Quero ficar parado, ali, sem saber exatamente o motivo de querer tanta tristeza. Só sei que quero continuar ouvindo aquela melodia triste, cantada por uma voz triste, que sente a mesma coisa que eu.

Acho que o dia foi cheio, nem tudo deu certo, eu fiz alguma besteira enorme e eu sei que faz parte da vida e não tô reclamando disso, eu juro. Só que deu vontade de aproveitar a tristeza que eu tô sentindo. Sei que ela vai me fazer bem, mesmo que não seja agora.

Encontrei aqui.

5 de mai. de 2014

Um mo(vi)mento

É incrível como a coisa flui, pelo menos pra mim. Basta um movimento interessante de alguém na rua, um estranho que eu nunca vi mais gordo, mas que levantou o braço de um jeito tão... tão... sei nem descrever. E aquele movimento aparentemente simples fica gravado na minha memória, rodando no repeat, até eu escutar aquela música que eu sempre quis coreografar. E tem aquela parte muito bonita da letra que diz que o amor é complicado, mas isso pouco importa no final das contas. Ficaria tão bonito aquele movimento de braço na hora que o cantor canta isso, quando a guitarra chora. E aí já era. Me vem outro movimento, vou experimentando aleatoriamente, essa música é tão bonita, a perna levanta nessa hora, and it's never enough, love is never enough without you, e a música acaba.

A coisa nem sempre fica perfeitamente bonita, mas dá pra ir aperfeiçoando com o tempo. Queria mesmo era encontrar aquele estranho na rua e dizer obrigado. Ou quem sabe mostrar pra ele como ficou a coreografia, ou só dar um abraço, sei lá.

Photo: Renan Mendes | Modelo: Filipe Lobato

27 de abr. de 2014

Acúmulo

Sentei na frente do computador sem esperar muita coisa.
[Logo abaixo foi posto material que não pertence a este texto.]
lemma pick_ideal: "i \<in> {1, 2} \<Longrightarrow> ideal_of sc (pick i A1 A2) (pick i I1 I2)"
  using id1 id2 by (auto simp: pick_def)

lemma pick_ideal_subset: "i \<in> {1, 2} \<Longrightarrow> pick i I1 I2 \<subseteq> pick i A1 A2"
  using pick_ideal unfolding ideal_of_def by blast

lemma pick_ideal_mult:
  "i \<in> {1, 2} \<Longrightarrow> a \<in> pick i A1 A2 \<Longrightarrow> b \<in> pick i A1 A2 \<Longrightarrow>
    a \<in> pick i I1 I2 \<or> b \<in> pick i I1 I2 \<Longrightarrow> a * b \<in> pick i I1 I2"
  using pick_ideal unfolding ideal_of_def by blast

definition ideal_words :: "'a set" where
  "ideal_words = {prod_list (map snd xs) | xs. letters xs \<and> (\<exists>(i, a) \<in> set xs. a \<in> pick i I1 I2)}"

lemma words_mult_ideal_words:
  assumes "x \<in> words" and "y \<in> ideal_words"
  shows "x * y \<in> ideal_words" and "y * x \<in> ideal_words"
proof -
  obtain xs ys where "letters xs" "letters ys" "\<exists>(i, a) \<in> set ys. a \<in> pick i I1 I2"
    and "x = prod_list (map snd xs)" "y = prod_list (map snd ys)"
    using assms by (auto simp: words_def ideal_words_def)
  then show "x * y \<in> ideal_words" "y * x \<in> ideal_words"
    unfolding ideal_words_def
    by (intro CollectI exI[of _ "xs @ ys"] exI[of _ "ys @ xs"]; auto)+
qed

lemma ideal_hull_subset_span_ideal_words:
  assumes gen: "subalgebra_hull sc (A1 \<union> A2) = UNIV"
  shows "ideal_hull sc (I1 \<union> I2) \<subseteq> span ideal_words"
proof -
  have left: "x * y \<in> span ideal_words" if "x \<in> words" "y \<in> ideal_words" for x y
    using words_mult_ideal_words(1)[OF that] by (rule span_base)
  have right: "y * x \<in> span ideal_words" if "y \<in> ideal_words" "x \<in> words" for x y
    using words_mult_ideal_words(2)[OF that(2,1)] by (rule span_base)
  have "ideal_of sc UNIV (span ideal_words)"
    unfolding ideal_of_def using span_words[OF gen]
    by (auto intro: span_zero span_add span_scale span_mult_span[OF alg left] span_mult_span[OF alg right])
  moreover have "I1 \<union> I2 \<subseteq> span ideal_words"
  proof
    fix a assume "a \<in> I1 \<union> I2"
    then have "a \<in> pick 1 I1 I2 \<or> a \<in> pick 2 I1 I2"
      by (auto simp: pick_def)
    then obtain i where i: "i \<in> {1, 2}" "a \<in> pick i I1 I2"
      by blast
    then have "a = prod_list (map snd [(i, a)])" "letters [(i, a)]"
      using pick_ideal_subset by auto
    with i show "a \<in> span ideal_words"
      unfolding ideal_words_def by (intro span_base) fastforce
  qed
  ultimately show ?thesis
    unfolding ideal_hull_def by blast
qed

end

section \<open>Expansion of \<tau>_t on shifted words\<close>

locale infinitesimally_free = two_ideals +
  fixes T :: "real set" and tau :: "real \<Rightarrow> 'a \<Rightarrow> complex" and tau0 tau' :: "'a \<Rightarrow> complex"
  assumes gen: "subalgebra_hull sc (A1 \<union> A2) = UNIV"
    and acc: "0 islimpt T"
    and lin: "\<forall>t\<in>T. linear_functional_on sc UNIV (tau t) \<and> tau t 1 = 1"
    and free: "free_up_to_o_t sc T tau A1 A2"
    and lim0: "\<forall>a \<in> A1 \<union> A2. (\<lambda>t. tau t a - tau0 a) \<in> o[at 0 within T](\<lambda>t. complex_of_real t)"
    and lim1: "\<forall>a \<in> I1 \<union> I2.
      (\<lambda>t. tau t a - complex_of_real t * tau' a) \<in> o[at 0 within T](\<lambda>t. complex_of_real t)"
begin

lemma tau_add: "t \<in> T \<Longrightarrow> tau t (x + y) = tau t x + tau t y"
  and tau_scale: "t \<in> T \<Longrightarrow> tau t (sc c x) = c * tau t x"
  and tau_one: "t \<in> T \<Longrightarrow> tau t 1 = 1"
  using lin by (auto simp: linear_functional_on_def)

lemma tau_zero: "t \<in> T \<Longrightarrow> tau t 0 = 0"
  using tau_scale[of t 0 0] by simp

lemma eventually_in_T: "eventually (\<lambda>t. t \<in> T) (at 0 within T)"
  using eventually_at_0_within_mem[of T] by eventually_elim simp

lemma tau_letter_small0: "a \<in> A1 \<union> A2 \<Longrightarrow> (\<lambda>t. tau t a - tau0 a) \<in> small0 T"
  using lim0 by (simp add: small0_iff_smallo)

lemma tau_letter_conv0: "a \<in> A1 \<union> A2 \<Longrightarrow> (\<lambda>t. tau t a) \<in> conv0 T"
  using small0_diff_imp_tendsto[OF tau_letter_small0] by (auto simp: conv0_def)

lemma tau_ideal_letter_slope: "a \<in> I1 \<union> I2 \<Longrightarrow> ((\<lambda>t. tau t a / of_real t) \<longlongrightarrow> tau' a) (at 0 within T)"
  using lim1 by (simp add: slope_tendsto_iff_small0 small0_iff_smallo)

lemma tau_ideal_letter_lin0: "a \<in> I1 \<union> I2 \<Longrightarrow> (\<lambda>t. tau t a) \<in> lin0 T"
  using tau_ideal_letter_slope by (auto simp: lin0_def conv0_def)

lemma free_centered_prod_small0:
  "xs \<noteq> [] \<Longrightarrow> admissible A1 A2 xs \<Longrightarrow> (\<lambda>t. tau t (centered_prod sc (tau t) xs)) \<in> small0 T"
  using free by (simp add: free_up_to_o_t_def small0_iff_smallo)

abbreviation tau_word :: "'a shifted_letter list \<Rightarrow> real \<Rightarrow> complex" where
  "tau_word L \<equiv> \<lambda>t. tau t (shifted_word sc t L)"

definition valid_word :: "'a shifted_letter list \<Rightarrow> bool" where
  "valid_word L \<longleftrightarrow> (\<forall>(i, a, s) \<in> set L. i \<in> {1, 2} \<and> a \<in> pick i A1 A2 \<and> s \<in> conv0 T)"

definition ideal_word :: "'a shifted_letter list \<Rightarrow> bool" where
  "ideal_word L \<longleftrightarrow> (\<exists>(i, a, s) \<in> set L. a \<in> pick i I1 I2 \<and> s \<in> lin0 T)"

definition has_expansion :: "'a shifted_letter list \<Rightarrow> bool" where
  "has_expansion L \<longleftrightarrow> tau_word L \<in> conv0 T \<and> (ideal_word L \<longrightarrow> tau_word L \<in> lin0 T)"

lemma valid_word_simps [simp]:
  "valid_word []"
  "valid_word ((i, a, s) # L) \<longleftrightarrow> i \<in> {1, 2} \<and> a \<in> pick i A1 A2 \<and> s \<in> conv0 T \<and> valid_word L"
  "valid_word (L @ M) \<longleftrightarrow> valid_word L \<and> valid_word M"
  by (simp_all add: valid_word_def ball_Un)

lemma ideal_word_simps [simp]:
  "\<not> ideal_word []"
  "ideal_word ((i, a, s) # L) \<longleftrightarrow> a \<in> pick i I1 I2 \<and> s \<in> lin0 T \<or> ideal_word L"
  "ideal_word (L @ M) \<longleftrightarrow> ideal_word L \<or> ideal_word M"
  by (simp_all add: ideal_word_def bex_Un)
Afinal, fazia muito tempo, nem me lembro desde quando, que aquela velha conhecida vontade de transformar tudo em palavra havia morrido. Foi de repente, assim como acontece com muita gente. Um dia tá tudo bem, melhor impossível, e quando vai ver, acaba, ponto final.

Não teve choro, não teve velório. Sempre achei que sem tanto drama fica mais fácil de aceitar qualquer perda, então eu não dramatizo e paro de pensar tanto no assunto. Um amigo meu vive me dizendo que meu coração deve estar cheio de lágrimas não choradas, de dores não colocadas pra fora e ele tem certeza que um dia eu vou transbordar e tudo vai vazar de uma só vez, inundando tudo. Não sei se eu acredito nele, mas o fato é que em todos esses anos nunca ouve nenhum prenúncio ou aviso divino de que meu dilúvio estivesse prestes a acontecer. Então eu continuo evitando o drama, assim como eu fiz quando minha vontade de escrever morreu.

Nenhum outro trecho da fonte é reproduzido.